*** Opening Working data ***
(* Let $A$ be a finite alphabet, $E\subseteq W(A)$ and $\vec s\in V^\infty(A)$ such that $E$ is large in $\vec s$. Let $r\ge 2$ and $E=\bigcup_{i=1}^r E_i$. Then there exist $1\le i\le r$ and $\vec t\in V^\infty(A)$ with $\vec t\le\vec s$ such that $E_i$ is large in $\vec t$.
   Context: $\mathbb N=\{0,1,2,\dots\}$. Let $A$ be a finite nonempty alphabet. $W(A)$ denotes the set of all finite words over $A$, including the empty word; words are concatenated by juxtaposition. Fix a symbol $x\notin A$. A variable word over $A$ is a finite word over $A\cup\{x\}$ in which $x$ occurs at least once; $V(A)$ is the set of variable words. For $s(x)\in V(A)$ and $a\in A\cup\{x\}$, $s(a)$ is obtained by replacing every occurrence of $x$ by $a$. $V^\infty(A)$ is the set of infinite sequences of variable words. For a sequence $(s_n(x))_{n\in I}$ of variable words indexed by a set $I\subseteq\mathbb N$ that is either a finite interval or of the form $\{m,m+1,\dots\}$: the constant span $\langle (s_n(x))_{n\in I}\rangle_c$ is the set of all words $s_{l_0}(a_0)s_{l_1}(a_1)\cdots s_{l_j}(a_j)$ with $j\ge 0$, $l_0<\dots<l_j$ in $I$ and $a_0,\dots,a_j\in A$; the variable span $\langle (s_n(x))_{n\in I}\rangle_v$ is the set of all words $s_{l_0}(a_0)\cdots s_{l_j}(a_j)$ with $j\ge0$, $l_0<\dots<l_j$ in $I$, $a_0,\dots,a_j\in A\cup\{x\}$ and at least one $a_i=x$. Extracted subsequences: let $\vec s=(s_n(x))_{n=0}^\infty\in V^\infty(A)$. A finite sequence $(t_n(x))_{n=0}^l$ of variable words is an extracted subsequence of $\vec s$ if there exist integers $0=m_0<m_1<\dots<m_{l+1}$ with $t_i(x)\in\langle (s_n(x))_{n=m_i}^{m_{i+1}-1}\rangle_v$ for all $0\le i\le l$. An infinite sequence $\vec t=(t_n(x))_{n=0}^\infty$ is an extracted subsequence of $\vec s$ if every initial segment $(t_n(x))_{n=0}^l$ is a finite extracted subsequence of $\vec s$. We write $\vec t\le\vec s$. A set $E\subseteq W(A)$ is large in $\vec s\in V^\infty(A)$ if $E\cap\langle\vec w\rangle_c\neq\emptyset$ for every infinite extracted subsequence $\vec w$ of $\vec s$. *)

theory Defs
  imports Main
begin

text \<open>Encoding: the alphabet A is a set of type 'a; letters of A \<union> {x} are
  represented in 'a option, with None standing for the variable x and Some a for a \<in> A.\<close>

definition is_word :: "'a set \<Rightarrow> 'a list \<Rightarrow> bool" where
  "is_word A w \<longleftrightarrow> set w \<subseteq> A"

definition is_varword :: "'a set \<Rightarrow> 'a option list \<Rightarrow> bool" where
  "is_varword A s \<longleftrightarrow> set s \<subseteq> Some ` A \<union> {None} \<and> None \<in> set s"

definition subst_c :: "'a option list \<Rightarrow> 'a \<Rightarrow> 'a list" where
  "subst_c s a = map (\<lambda>c. case c of None \<Rightarrow> a | Some b \<Rightarrow> b) s"

definition subst_v :: "'a option list \<Rightarrow> 'a option \<Rightarrow> 'a option list" where
  "subst_v s c = map (\<lambda>y. case y of None \<Rightarrow> c | Some b \<Rightarrow> Some b) s"

definition is_vseq :: "'a set \<Rightarrow> (nat \<Rightarrow> 'a option list) \<Rightarrow> bool" where
  "is_vseq A s \<longleftrightarrow> (\<forall>n. is_varword A (s n))"

definition cspan :: "'a set \<Rightarrow> (nat \<Rightarrow> 'a option list) \<Rightarrow> nat set \<Rightarrow> 'a list set" where
  "cspan A s I = {w. \<exists>ls as. ls \<noteq> [] \<and> sorted_wrt (<) ls \<and> set ls \<subseteq> I \<and>
      length as = length ls \<and> set as \<subseteq> A \<and>
      w = concat (map2 (\<lambda>l a. subst_c (s l) a) ls as)}"

definition vspan :: "'a set \<Rightarrow> (nat \<Rightarrow> 'a option list) \<Rightarrow> nat set \<Rightarrow> 'a option list set" where
  "vspan A s I = {w. \<exists>ls as. ls \<noteq> [] \<and> sorted_wrt (<) ls \<and> set ls \<subseteq> I \<and>
      length as = length ls \<and> set as \<subseteq> Some ` A \<union> {None} \<and> None \<in> set as \<and>
      w = concat (map2 (\<lambda>l c. subst_v (s l) c) ls as)}"

definition extracted :: "'a set \<Rightarrow> (nat \<Rightarrow> 'a option list) \<Rightarrow> (nat \<Rightarrow> 'a option list) \<Rightarrow> bool" where
  "extracted A t s \<longleftrightarrow> (\<forall>l. \<exists>m :: nat \<Rightarrow> nat. m 0 = 0 \<and> (\<forall>i\<le>l. m i < m (Suc i)) \<and>
      (\<forall>i\<le>l. t i \<in> vspan A s {m i..<m (Suc i)}))"

definition large :: "'a set \<Rightarrow> 'a list set \<Rightarrow> (nat \<Rightarrow> 'a option list) \<Rightarrow> bool" where
  "large A E s \<longleftrightarrow> (\<forall>w. is_vseq A w \<and> extracted A w s \<longrightarrow> E \<inter> cspan A w UNIV \<noteq> {})"

end

theory Submission
  imports Defs
begin

(* Suppose no colour class E_i is large in any extracted subsequence of s.
   Then, going through the classes one at a time, we can pass to ever deeper extracted
   subsequences w of s whose constant span avoids E_1, ..., E_k: if E_i is not large in the
   current w, some w' <= w has a constant span missing E_i, and the constant span of w' is
   contained in that of w, so the classes avoided earlier stay avoided.  At the end the
   constant span of some w <= s misses all of E, contradicting largeness of E in s.

   Two facts about extraction carry this argument: extraction is transitive, and the
   constant span shrinks along extraction.  Both are instances of a single substitution
   principle: a word of the (variable or constant) span of t, where every t_k lies in the
   variable span of s over a block of indices and the blocks are ordered, lies in the
   corresponding span of s.  To prove it, span elements are represented by "patterns",
   strictly increasing lists of (index, letter) pairs, and patterns are composed. *)

definition pattern :: "nat set \<Rightarrow> 'b set \<Rightarrow> (nat \<times> 'b) list \<Rightarrow> bool" where
  "pattern I L ps \<longleftrightarrow> ps \<noteq> [] \<and> sorted_wrt (<) (map fst ps) \<and> set ps \<subseteq> I \<times> L"

definition realize :: "('w \<Rightarrow> 'b \<Rightarrow> 'c list) \<Rightarrow> (nat \<Rightarrow> 'w) \<Rightarrow> (nat \<times> 'b) list \<Rightarrow> 'c list" where
  "realize G s ps = concat (map (\<lambda>(l, c). G (s l) c) ps)"

lemma span_as_pattern:
  "(\<exists>ls as. ls \<noteq> [] \<and> sorted_wrt (<) ls \<and> set ls \<subseteq> I \<and> length as = length ls \<and>
      set as \<subseteq> L \<and> P as \<and> w = concat (map2 (\<lambda>l c. G (s l) c) ls as))
   \<longleftrightarrow> (\<exists>ps. pattern I L ps \<and> P (map snd ps) \<and> w = realize G s ps)"
proof
  assume "\<exists>ls as. ls \<noteq> [] \<and> sorted_wrt (<) ls \<and> set ls \<subseteq> I \<and> length as = length ls \<and>
      set as \<subseteq> L \<and> P as \<and> w = concat (map2 (\<lambda>l c. G (s l) c) ls as)"
  then obtain ls as where h: "ls \<noteq> []" "sorted_wrt (<) ls" "set ls \<subseteq> I" "length as = length ls"
      "set as \<subseteq> L" "P as" "w = concat (map2 (\<lambda>l c. G (s l) c) ls as)" by blast
  have "set (zip ls as) \<subseteq> I \<times> L" using h(3,5) by (auto dest: set_zip_leftD set_zip_rightD)
  with h show "\<exists>ps. pattern I L ps \<and> P (map snd ps) \<and> w = realize G s ps"
    by (intro exI[of _ "zip ls as"]) (auto simp: pattern_def realize_def)
next
  assume "\<exists>ps. pattern I L ps \<and> P (map snd ps) \<and> w = realize G s ps"
  then obtain ps where "pattern I L ps" "P (map snd ps)" "w = realize G s ps" by blast
  then show "\<exists>ls as. ls \<noteq> [] \<and> sorted_wrt (<) ls \<and> set ls \<subseteq> I \<and> length as = length ls \<and>
      set as \<subseteq> L \<and> P as \<and> w = concat (map2 (\<lambda>l c. G (s l) c) ls as)"
    by (intro exI[of _ "map fst ps"] exI[of _ "map snd ps"])
       (auto simp: pattern_def realize_def zip_map_fst_snd)
qed

lemma vspan_iff:
  "w \<in> vspan A s I \<longleftrightarrow>
     (\<exists>ps. pattern I (Some ` A \<union> {None}) ps \<and> None \<in> snd ` set ps \<and> w = realize subst_v s ps)"
  unfolding vspan_def mem_Collect_eq
  using span_as_pattern[where P = "\<lambda>as. None \<in> set as" and G = subst_v] by simp

lemma cspan_iff:
  "w \<in> cspan A s I \<longleftrightarrow> (\<exists>ps. pattern I A ps \<and> w = realize subst_c s ps)"
  unfolding cspan_def mem_Collect_eq
  using span_as_pattern[where P = "\<lambda>_. True" and G = subst_c] by simp

(* Substituting, for every entry (k, c) of the pattern ps, the pattern Q k with each of its
   letters d replaced by H d c, the letter that the position of d receives in (s_k)(c). *)
definition compose ::
    "('d \<Rightarrow> 'b \<Rightarrow> 'b) \<Rightarrow> (nat \<Rightarrow> (nat \<times> 'd) list) \<Rightarrow> (nat \<times> 'b) list \<Rightarrow> (nat \<times> 'b) list" where
  "compose H Q ps = concat (map (\<lambda>(k, c). map (\<lambda>(j, d). (j, H d c)) (Q k)) ps)"

lemma mem_compose:
  "(j, e) \<in> set (compose H Q ps) \<longleftrightarrow> (\<exists>k c d. (k, c) \<in> set ps \<and> (j, d) \<in> set (Q k) \<and> e = H d c)"
  by (auto simp: compose_def) force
*** Closing Working data ***
▸ **Try it**
Where a line of the entries contains the word "simp", copy that line.

▸ **Answer section**
    by (intro exI[of _ "zip ls as"]) (auto simp: pattern_def realize_def)
       (auto simp: pattern_def realize_def zip_map_fst_snd)
  using span_as_pattern[where P = "\<lambda>as. None \<in> set as" and G = subst_v] by simp
  using span_as_pattern[where P = "\<lambda>_. True" and G = subst_c] by simp
  by (auto simp: compose_def) force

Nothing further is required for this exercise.